Public needs information, warnings during emergencies
Officials are reviewing communication problems that emerged after Sunday's earthquakes.
STATE Civil Defense officials say the magnitudes of the earthquakes that shook Hawaii Sunday were not severe enough to trigger tsunami alerts through sirens and broadcasts on the airwaves.
However, ordinary citizens cannot be expected to be aware of such esoteric thresholds, and the lack of information -- especially with the ensuing loss of electricity across the state's most populous island -- might have needlessly caused alarm.
In an emergency the public needs assurances as well as warnings to avoid panic. If there are dangers ahead, people need to be cautioned; if the situation is under control, they need to hear that, too.
Hawaii was fortunate that the quakes did not result in deaths or serious injuries and that the event will allow an assessment of successes and failures. In addition to improving the shaky communications infrastructure, as Gov. Linda Lingle has called for, officials should figure out a way to deliver good news as well.
For much of Sunday morning, residents on Oahu and the neighbor islands did not know what was going on, what to expect and what was being done. The statement by the governor and other officials that it should have been obvious that there had been an earthquake did not acknowledge that there were many, including tourists, newcomers and young people, who had never experienced such a seismic episode.

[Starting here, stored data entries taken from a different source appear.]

(* Let $H$ be a hexagonal system with a perfect matching. The edges of $H$ fall into three classes of mutually parallel edges (the three edge directions of the hexagonal lattice); let $S$ be one of these classes of minimum cardinality. Then $cf(H)\le |S|$.
   Context: A hexagonal system (HS) is a finite 2-connected plane graph in which every interior face is a regular hexagon of the hexagonal lattice. For a graph $G$ with a perfect matching and a perfect matching $M$ of $G$, a forcing set of $M$ is a subset of $M$ contained in no other perfect matching of $G$. A complete forcing set of $G$ is a set $S\subseteq E(G)$ such that $S\cap M$ is a forcing set of $M$ for every perfect matching $M$ of $G$; $cf(G)$ is the minimum cardinality of a complete forcing set of $G$. *)

theory Defs
  imports Main
begin

text \<open>This is the honeycomb lattice up to a homeomorphism of the plane.\<close>

type_synonym vert = "int \<times> int"
type_synonym edge = "vert set"

definition lattice_edge :: "edge \<Rightarrow> bool" where
  "lattice_edge e \<longleftrightarrow>
     (\<exists>x y. e = {(x,y),(x+1,y)}) \<or> (\<exists>x y. even (x+y) \<and> e = {(x,y),(x,y+1)})"

definition edge_class :: "nat \<Rightarrow> edge set" where
  "edge_class i =
    (if i = 0 then {e. \<exists>x y. even (x+y) \<and> e = {(x,y),(x,y+1)}}
     else if i = 1 then {e. \<exists>x y. even (x+y) \<and> e = {(x,y),(x+1,y)}}
     else {e. \<exists>x y. odd (x+y) \<and> e = {(x,y),(x+1,y)}})"

text \<open>Hexagonal cells (faces of the lattice), indexed by their lower left corner (x,y)
  with x+y even.\<close>

definition lattice_cell :: "int \<times> int \<Rightarrow> bool" where
  "lattice_cell c \<longleftrightarrow> even (fst c + snd c)"

definition cell_edges :: "int \<times> int \<Rightarrow> edge set" where
  "cell_edges c = (case c of (x,y) \<Rightarrow>
     {{(x,y),(x+1,y)}, {(x+1,y),(x+2,y)}, {(x+2,y),(x+2,y+1)},
      {(x+2,y+1),(x+1,y+1)}, {(x+1,y+1),(x,y+1)}, {(x,y+1),(x,y)}})"

definition verts :: "edge set \<Rightarrow> vert set" where
  "verts E = \<Union>E"

definition connected_on :: "edge set \<Rightarrow> vert set \<Rightarrow> bool" where
  "connected_on E V \<longleftrightarrow>
     (\<forall>u\<in>V. \<forall>v\<in>V. (u, v) \<in> ({(a,b). a \<in> V \<and> b \<in> V \<and> {a,b} \<in> E})\<^sup>*)"

definition two_connected :: "edge set \<Rightarrow> bool" where
  "two_connected E \<longleftrightarrow> card (verts E) \<ge> 3 \<and> connected_on E (verts E) \<and>
     (\<forall>w\<in>verts E. connected_on E (verts E - {w}))"

text \<open>Two cells lie in the same face of the plane graph with edge set E iff they are
  joined by a chain of cells consecutive ones of which share a lattice edge not in E.\<close>

definition face_step :: "edge set \<Rightarrow> ((int \<times> int) \<times> (int \<times> int)) set" where
  "face_step E = {(c, d). lattice_cell c \<and> lattice_cell d \<and> c \<noteq> d \<and>
                   (\<exists>e \<in> cell_edges c \<inter> cell_edges d. e \<notin> E)}"

definition face_of :: "edge set \<Rightarrow> int \<times> int \<Rightarrow> (int \<times> int) set" where
  "face_of E c = {d. (c, d) \<in> (face_step E)\<^sup>*}"

text \<open>Hexagonal system: a finite 2-connected subgraph of the hexagonal lattice
  (with the inherited plane embedding) all of whose interior (bounded) faces are single
  hexagons of the lattice.\<close>

definition hexagonal_system :: "edge set \<Rightarrow> bool" where
  "hexagonal_system E \<longleftrightarrow> finite E \<and> (\<forall>e\<in>E. lattice_edge e) \<and> two_connected E \<and>
     (\<forall>c. lattice_cell c \<and> finite (face_of E c) \<longrightarrow> face_of E c = {c})"

definition perfect_matching :: "edge set \<Rightarrow> edge set \<Rightarrow> bool" where
  "perfect_matching E M \<longleftrightarrow> M \<subseteq> E \<and>
     (\<forall>v\<in>verts E. \<exists>!e. e \<in> M \<and> v \<in> e)"

definition forcing_set :: "edge set \<Rightarrow> edge set \<Rightarrow> edge set \<Rightarrow> bool" where
  "forcing_set E M T \<longleftrightarrow> T \<subseteq> M \<and>
     (\<forall>M'. perfect_matching E M' \<and> T \<subseteq> M' \<longrightarrow> M' = M)"

definition complete_forcing_set :: "edge set \<Rightarrow> edge set \<Rightarrow> bool" where
  "complete_forcing_set E S \<longleftrightarrow> S \<subseteq> E \<and>
     (\<forall>M. perfect_matching E M \<longrightarrow> forcing_set E M (S \<inter> M))"

definition cf :: "edge set \<Rightarrow> nat" where
  "cf E = (LEAST k. \<exists>S. complete_forcing_set E S \<and> card S = k)"

end

theory Submission
  imports Defs "HOL-Library.Product_Lexorder"
begin

(*
  For perfect matchings M and M' of H, the edge sets M - M' and M' - M cover the same
  vertices, so every edge of one is continued at each end by an edge of the other.  In the
  hexagonal lattice such a finite alternating configuration contains edges of all three
  directions in M - M': if, say, it had no vertical edge, then from its highest (then
  leftmost) vertex the edges would be forced one after the other along the top row forever.
  Hence if M' contains the class-i edges of M then M' = M, i.e. every edge class of H is a
  complete forcing set.  This bound holds for each class.
*)

definition nbr :: "nat \<Rightarrow> vert \<Rightarrow> vert" where
  "nbr j = (\<lambda>(x,y).
     if j = 0 then (x, if even (x+y) then y+1 else y-1)
     else if j = 1 then (if even (x+y) then x+1 else x-1, y)
     else (if even (x+y) then x-1 else x+1, y))"

lemma less_3_cases: "(j::nat) < 3 \<longleftrightarrow> j = 0 \<or> j = 1 \<or> j = 2"
  by auto

lemma vertical_edge_class: "even (a+b) \<Longrightarrow> {(a,b),(a,b+1)} \<in> edge_class 0"
  unfolding edge_class_def by auto

lemma horizontal_edge_class: "{(a,b),(a+1,b)} \<in> edge_class (if even (a+b) then 1 else 2)"
  unfolding edge_class_def by auto

lemma nbr_in_edge_class:
  assumes "j < 3"
  shows "{u, nbr j u} \<in> edge_class j"
proof -
  obtain x y where u: "u = (x,y)" by fastforce
  consider "j = 0" | "j = 1" | "j = 2" using assms by linarith
  then show ?thesis
  proof cases
    case 1
    then show ?thesis
      using vertical_edge_class[of x y] vertical_edge_class[of x "y-1"]
      by (cases "even (x+y)") (auto simp: u nbr_def insert_commute)
  next
    case 2
    then show ?thesis
      using horizontal_edge_class[of x y] horizontal_edge_class[of "x-1" y]
      by (cases "even (x+y)") (auto simp: u nbr_def insert_commute)
  next
    case 3
    then show ?thesis
      using horizontal_edge_class[of x y] horizontal_edge_class[of "x-1" y]
      by (cases "even (x+y)") (auto simp: u nbr_def insert_commute)
  qed
qed

lemma edge_class_iff_nbr:
  assumes "j < 3"
  shows "e \<in> edge_class j \<longleftrightarrow> (\<exists>u. e = {u, nbr j u})"
proof
  assume "e \<in> edge_class j"
  with assms show "\<exists>u. e = {u, nbr j u}"
    unfolding edge_class_def nbr_def by (auto split: if_splits)
qed (use assms nbr_in_edge_class in blast)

The public did not know for sure that a tsunami had not been generated, just that there were no sirens, which some thought failed because of the blackout. Those who had access to radio or television found a dearth of information.
Civil Defense officials told the Star-Bulletin's Gene Park that alerts go out only when a quake exceeds a 6.9 magnitude; Sunday's quakes registered 6.7 and 6.0. They said no messages are issued when there are no tsunamis generated because people might not hear the "no" part of the message or misunderstand the communication.
It is safe to say that most people can understand a simple statement and that repetition would prevent them from receiving partial declarations.
As it was, the absence of information left many people in limbo. Current procedures have the public guessing when an authoritative word is essential.
This was evident in the confusion at hotels and tourist facilities in Waikiki. Some visitors, recalling the devastating tsunami in Indonesia, headed for higher ground, thinking similar waves would be coming here, and hotel officials were unable to say otherwise with any certainty. They could only presume. In natural disasters, acting on presumptions is risky.